- [Task material]:
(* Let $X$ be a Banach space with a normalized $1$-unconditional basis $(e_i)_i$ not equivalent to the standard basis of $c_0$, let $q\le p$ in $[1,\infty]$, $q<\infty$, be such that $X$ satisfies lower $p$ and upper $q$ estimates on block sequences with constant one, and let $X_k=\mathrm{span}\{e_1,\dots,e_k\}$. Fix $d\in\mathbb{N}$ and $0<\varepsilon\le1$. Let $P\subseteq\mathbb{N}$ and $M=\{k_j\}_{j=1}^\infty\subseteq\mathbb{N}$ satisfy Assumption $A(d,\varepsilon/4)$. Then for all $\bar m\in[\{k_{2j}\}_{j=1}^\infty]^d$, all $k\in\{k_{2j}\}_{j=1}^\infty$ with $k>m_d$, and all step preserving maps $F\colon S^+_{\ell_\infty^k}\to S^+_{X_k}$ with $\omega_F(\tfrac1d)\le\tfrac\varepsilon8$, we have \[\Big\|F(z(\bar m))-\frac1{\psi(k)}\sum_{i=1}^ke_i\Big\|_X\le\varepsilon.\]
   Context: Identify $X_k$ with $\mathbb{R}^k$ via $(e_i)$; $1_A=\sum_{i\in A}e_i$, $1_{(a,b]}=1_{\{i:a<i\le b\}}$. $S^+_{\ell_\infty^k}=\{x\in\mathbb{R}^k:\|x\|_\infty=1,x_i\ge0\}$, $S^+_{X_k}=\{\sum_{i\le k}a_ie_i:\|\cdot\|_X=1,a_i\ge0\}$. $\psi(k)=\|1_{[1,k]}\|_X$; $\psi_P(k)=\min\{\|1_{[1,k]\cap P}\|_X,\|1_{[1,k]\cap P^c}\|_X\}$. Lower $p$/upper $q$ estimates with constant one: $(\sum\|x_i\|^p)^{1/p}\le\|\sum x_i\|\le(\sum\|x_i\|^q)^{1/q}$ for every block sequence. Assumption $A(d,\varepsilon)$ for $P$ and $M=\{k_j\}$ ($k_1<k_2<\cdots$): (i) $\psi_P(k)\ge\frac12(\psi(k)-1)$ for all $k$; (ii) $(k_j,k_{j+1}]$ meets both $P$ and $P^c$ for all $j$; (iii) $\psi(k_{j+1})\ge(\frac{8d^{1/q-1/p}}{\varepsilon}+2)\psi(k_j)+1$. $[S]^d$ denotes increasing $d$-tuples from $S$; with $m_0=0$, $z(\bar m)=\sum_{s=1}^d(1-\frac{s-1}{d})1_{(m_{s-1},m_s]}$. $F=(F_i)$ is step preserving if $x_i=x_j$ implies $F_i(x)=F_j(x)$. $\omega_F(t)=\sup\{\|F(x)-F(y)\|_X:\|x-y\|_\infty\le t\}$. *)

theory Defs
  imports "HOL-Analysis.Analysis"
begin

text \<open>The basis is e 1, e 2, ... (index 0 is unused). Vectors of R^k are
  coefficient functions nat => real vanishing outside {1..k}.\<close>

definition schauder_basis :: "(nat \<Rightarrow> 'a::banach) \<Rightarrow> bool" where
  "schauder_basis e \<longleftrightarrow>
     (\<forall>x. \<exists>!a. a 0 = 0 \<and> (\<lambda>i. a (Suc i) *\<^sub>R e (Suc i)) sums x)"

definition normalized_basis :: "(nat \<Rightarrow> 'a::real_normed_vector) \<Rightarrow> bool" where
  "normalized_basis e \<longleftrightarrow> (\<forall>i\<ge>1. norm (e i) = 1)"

- [Task description]:
If a line in the material contains "where", show it.

- [Answer to the problem]:
definition schauder_basis :: "(nat \<Rightarrow> 'a::banach) \<Rightarrow> bool" where
definition normalized_basis :: "(nat \<Rightarrow> 'a::real_normed_vector) \<Rightarrow> bool" where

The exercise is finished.